The exhibition Without Borders at the European House Gallery in Pilsen presents the results of a year-long Czech-German dialogue between students of the Faculty of Education at the University of West Bohemia (UWB) and the University of Osnabrück. The theme is overcoming borders.

The exhibition showcases artworks created as part of a year-long collaboration between students of the Department of Art Education and Culture at the Faculty of Education, UWB, and the Department of Art Pedagogy at the University of Osnabrück. Under the guidance of Dalibor Smutný, Věra Uhl Skřivanová, and Sigrun Jakubaschke-Ehlers, students explored through painting dialogues the question of what boundaries surround us — and how they can be transcended. The opening took place on October 1 at the European House Gallery in Pilsen.

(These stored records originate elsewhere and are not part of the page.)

lemma L2norm01_indicator_bounds:
  fixes f :: "real \<Rightarrow> real"
  assumes ab: "0 \<le> a" "a \<le> b" "b \<le> 1"
    and cont: "continuous_on {a..b} f"
    and bounds: "\<And>t. t \<in> {a..b} \<Longrightarrow> lo \<le> f t \<and> f t \<le> hi"
    and lo: "0 \<le> lo"
  shows "lo * sqrt (b - a) \<le> L2norm01 (\<lambda>t. indicator {a<..<b} t * f t)"
    and "L2norm01 (\<lambda>t. indicator {a<..<b} t * f t) \<le> hi * sqrt (b - a)"
proof -
  define I where "I = (LINT t:{a<..<b}|lborel. (f t)\<^sup>2)"
  have "set_integrable lborel {a..b} (\<lambda>t. (f t)\<^sup>2)"
    using cont by (intro borel_integrable_atLeastAtMost' continuous_intros)
  then have int: "set_integrable lborel {a<..<b} (\<lambda>t. (f t)\<^sup>2)"
    by (rule set_integrable_subset) auto
  have const_int: "set_integrable lborel {a<..<b} (\<lambda>t. c)" for c :: real
    by (intro set_integrable_subset[OF borel_integrable_atLeastAtMost', of a b]) auto
  have sq_bounds: "lo\<^sup>2 \<le> (f t)\<^sup>2 \<and> (f t)\<^sup>2 \<le> hi\<^sup>2" if "t \<in> {a<..<b}" for t
    using bounds[of t] that lo by (auto intro: power_mono)
  have "(b - a) * lo\<^sup>2 \<le> I"
    unfolding I_def set_integral_Ioo_const[OF ab(2), symmetric]
    using sq_bounds by (intro set_integral_mono const_int int) auto
  moreover have "I \<le> (b - a) * hi\<^sup>2"
    unfolding I_def set_integral_Ioo_const[OF ab(2), symmetric]
    using sq_bounds by (intro set_integral_mono const_int int) auto
  moreover have "0 \<le> hi"
    using bounds[of a] ab lo by auto
  ultimately have "sqrt ((b - a) * lo\<^sup>2) \<le> sqrt I" "sqrt I \<le> sqrt ((b - a) * hi\<^sup>2)"
    by simp_all
  moreover have "sqrt ((b - a) * lo\<^sup>2) = lo * sqrt (b - a)"
    "sqrt ((b - a) * hi\<^sup>2) = hi * sqrt (b - a)"
    using lo \<open>0 \<le> hi\<close> by (simp_all add: real_sqrt_mult)
  moreover have "L2norm01 (\<lambda>t. indicator {a<..<b} t * f t) = sqrt I"
    using ab by (simp add: L2norm01_indicator I_def)
  ultimately show "lo * sqrt (b - a) \<le> L2norm01 (\<lambda>t. indicator {a<..<b} t * f t)"
    and "L2norm01 (\<lambda>t. indicator {a<..<b} t * f t) \<le> hi * sqrt (b - a)"
    by simp_all
qed

lemma L2norm01_indicator_product_bounds:
  fixes f :: "real \<Rightarrow> real"
  assumes ab: "0 \<le> a" "a \<le> b" "b \<le> 1"
    and cont: "continuous_on {a..b} f"
    and bounds: "\<And>t. t \<in> {a..b} \<Longrightarrow> lo \<le> f t \<and> f t \<le> hi"
    and lo: "0 \<le> lo"
  shows "lo * (b - a) \<le> L2norm01 (\<lambda>t. indicator {a<..<b} t * 1)
                          * L2norm01 (\<lambda>t. indicator {a<..<b} t * f t)"
    and "L2norm01 (\<lambda>t. indicator {a<..<b} t * 1)
           * L2norm01 (\<lambda>t. indicator {a<..<b} t * f t) \<le> hi * (b - a)"
proof -
  let ?N = "L2norm01 (\<lambda>t. indicator {a<..<b} t * f t)"
  have s: "0 \<le> sqrt (b - a)" "sqrt (b - a) * sqrt (b - a) = b - a"
    using ab by simp_all
  have "lo * (b - a) = sqrt (b - a) * (lo * sqrt (b - a))"
    using s(2) by (simp add: algebra_simps)
  also have "\<dots> \<le> sqrt (b - a) * ?N"
    using L2norm01_indicator_bounds(1)[OF assms] s(1) by (rule mult_left_mono)
  finally show "lo * (b - a) \<le> L2norm01 (\<lambda>t. indicator {a<..<b} t * 1) * ?N"
    using L2norm01_indicator_one[OF ab] by simp
  have "sqrt (b - a) * ?N \<le> sqrt (b - a) * (hi * sqrt (b - a))"
    using L2norm01_indicator_bounds(2)[OF assms] s(1) by (rule mult_left_mono)
  also have "\<dots> = hi * (b - a)"
    using s(2) by (simp add: algebra_simps)
  finally show "L2norm01 (\<lambda>t. indicator {a<..<b} t * 1) * ?N \<le> hi * (b - a)"
    using L2norm01_indicator_one[OF ab] by simp
qed

lemma L2norm01_tail_eq_dyadic:
  assumes "0 \<le> a" "a \<le> 1"
    and "(L2norm01 (\<lambda>t. indicator {a<..<1} t * 1))\<^sup>2
           = 2 powr (- real n) * (L2norm01 (\<lambda>t. 1))\<^sup>2"
  shows "a = 1 - 2 powr (- real n)"
proof -
  have "L2norm01 (\<lambda>t. indicator {a<..<1} t * 1) = sqrt (1 - a)"
    using assms(1,2) by (rule L2norm01_indicator_one) simp
  with assms(2,3) show ?thesis
    by (simp add: L2norm01_one)
qed

lemma dyadic_step:
  fixes n :: nat
  assumes "1 \<le> n"
  shows "2 powr (- real (n - 1)) = 2 * 2 powr (- real n)" and "2 powr (- real n) \<le> (1/2 :: real)"
proof -
  show "2 powr (- real (n - 1)) = 2 * 2 powr (- real n)"
    using assms powr_add[of 2 1 "- real n"] by simp
  have "2 powr (- real n) \<le> (2 :: real) powr (- 1)"
    using assms by (intro powr_mono) auto
  then show "2 powr (- real n) \<le> (1/2 :: real)"
    by simp
qed

lemma eventually_at_top_scaled:
  fixes s :: real
  assumes "0 < s" "eventually P at_top"
  shows "eventually (\<lambda>x. P (s * x)) at_top"
proof -
  have "filterlim (\<lambda>x. s * x) at_top at_top"
    using assms(1) by (intro filterlim_cmult_at_bot_at_top[OF filterlim_ident]) auto
  then show ?thesis
    using assms(2) by (simp add: filterlim_iff)
qed

lemma uniform_increment_bound_on_subinterval:
  fixes g :: "real \<Rightarrow> real"
  assumes cont: "continuous_on {1..} g"
    and bound: "\<And>k. k \<in> {1..2} \<Longrightarrow> eventually (\<lambda>x. \<bar>g (k * x) - g x\<bar> \<le> B) at_top"
  obtains p q where "1 \<le> p" "p < q" "q \<le> 2"
    and "eventually (\<lambda>x. \<forall>k\<in>{p..q}. \<bar>g (k * x) - g x\<bar> \<le> B) at_top"
proof -
  define S :: "real set" where "S = {1..2}"
  define F where
    "F N = (\<Inter>x\<in>{max 1 (real N)..}. {k\<in>S. \<bar>g (k * x) - g x\<bar> \<le> B})" for N :: nat
  have F_iff:
    "k \<in> F N \<longleftrightarrow> k \<in> S \<and> (\<forall>x\<ge>max 1 (real N). \<bar>g (k * x) - g x\<bar> \<le> B)" for k N
    unfolding F_def by auto
  have closed_F: "closed (F N)" for N
    unfolding F_def
  proof (intro closed_INT ballI)
    fix x assume "x \<in> {max 1 (real N)..}"
    then have "(\<lambda>k. k * x) ` S \<subseteq> {1..}"
      by (auto simp: S_def intro: order.trans[OF _ mult_mono, of 1 "1 * 1"])
    then have "continuous_on S (\<lambda>k. g (k * x))"
      by (intro continuous_on_compose2[OF cont] continuous_intros) auto
    then show "closed {k \<in> S. \<bar>g (k * x) - g x\<bar> \<le> B}"
      by (intro continuous_on_closed_Collect_le continuous_intros) (auto simp: S_def)
  qed
  have covered: "\<exists>N. k \<in> F N" if k: "k \<in> S" for k
  proof -
    obtain x0 where "\<forall>x\<ge>x0. \<bar>g (k * x) - g x\<bar> \<le> B"
      using bound[of k] k by (auto simp: S_def eventually_at_top_linorder)
    moreover obtain N :: nat where "x0 \<le> real N"
      using real_arch_simple by blast
    ultimately have "k \<in> F N"
      using k by (auto simp: F_iff)
    then show ?thesis ..
  qed
  have "\<exists>N. \<not> S \<subseteq> closure (S - F N)"
  proof (rule ccontr)
    assume "\<not> ?thesis"
    then have "S \<subseteq> closure (\<Inter>N. S - F N)"
      using closed_F F_iff
      by (intro Baire) (auto simp: S_def intro!: closed_subset)
    moreover have "(\<Inter>N. S - F N) = {}"
      using covered by blast
    ultimately have "S = {}"
      by (metis closure_empty subset_empty)
    then show False
      by (simp add: S_def)
  qed
  then obtain N k0 e where k0: "k0 \<in> S" and "e > 0"
    and e: "\<And>k. k \<in> S - F N \<Longrightarrow> \<not> dist k k0 < e"
    unfolding closure_approachable subset_iff by metis
  define p where "p = max 1 (k0 - e/2)"
  define q where "q = min 2 (k0 + e/2)"
  have "k \<in> F N" if "k \<in> {p..q}" for k
  proof (rule ccontr)
    assume "k \<notin> F N"
    moreover have "k \<in> S" "\<bar>k - k0\<bar> < e"
      using that \<open>e > 0\<close> by (auto simp: S_def p_def q_def)
    ultimately show False
      using e[of k] by (simp add: dist_real_def)
  qed
  then have "eventually (\<lambda>x. \<forall>k\<in>{p..q}. \<bar>g (k * x) - g x\<bar> \<le> B) at_top"
    by (intro eventually_at_top_linorderI[of "max 1 (real N)"]) (auto simp: F_iff)
  moreover have "1 \<le> p" "p < q" "q \<le> 2"
    using k0 \<open>e > 0\<close> by (auto simp: S_def p_def q_def)
  ultimately show ?thesis
    using that by blast
qed

lemma increment_bound_compose:
  fixes g :: "real \<Rightarrow> real"
  assumes s: "0 < s" "s \<le> 1" and L1: "0 \<le> L1"
    and r_bound: "eventually (\<lambda>x. \<forall>w\<in>{r..1}. \<bar>g (w * x) - g x\<bar> \<le> L1) at_top"
    and s_bound: "eventually (\<lambda>x. \<forall>w\<in>{s..1}. \<bar>g (w * x) - g x\<bar> \<le> L2) at_top"
  shows "eventually (\<lambda>x. \<forall>w\<in>{r * s..1}. \<bar>g (w * x) - g x\<bar> \<le> L1 + L2) at_top"
  using eventually_at_top_scaled[OF s(1) r_bound] s_bound
proof eventually_elim
  case (elim x)
  show ?case
  proof
    fix w assume w: "w \<in> {r * s..1}"
    show "\<bar>g (w * x) - g x\<bar> \<le> L1 + L2"
    proof (cases "s \<le> w")
      case True
      then have "\<bar>g (w * x) - g x\<bar> \<le> L2"
        using elim(2) w by auto
      then show ?thesis
        using L1 by linarith
    next
      case False
      then have "w / s \<in> {r..1}"
        using w s by (auto simp: field_simps)
      from bspec[OF elim(1) this] have "\<bar>g (w * x) - g (s * x)\<bar> \<le> L1"
        using s by simp
      moreover have "\<bar>g (s * x) - g x\<bar> \<le> L2"
        using elim(2) s by auto
      ultimately show ?thesis
        by linarith
    qed
  qed
qed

"The very theme of borders and their crossing became an impulse for a cross-border dialogue. Mental and physical borders are the result of our thinking, but also of political, economic, or aesthetic perspectives,” said Věra Uhl Skřivanová from the Department of Art Education and Culture at UWB.

According to the project’s authors, students touched upon a wide range of motifs. “One approach, for example, was the visualization of a specific geographical location based on historical maps and its current state. The goal was to capture the meaning of the place in its temporal transformations,” explained Dalibor Smutný from the same department.

Crossing borders is a constant effort of human creative forces. The aim of the exhibition is to present diverse ways of thinking among the students responding to this theme. The result is a rich range of artistic expressions – from realistic depictions through expressive styles to abstraction. The exhibition shows various levels of empathy toward the complex issues of today’s world. It is a probe into the thinking of a generation that combines pedagogical and artistic education and seeks its own language in the global debate,” added Smutný.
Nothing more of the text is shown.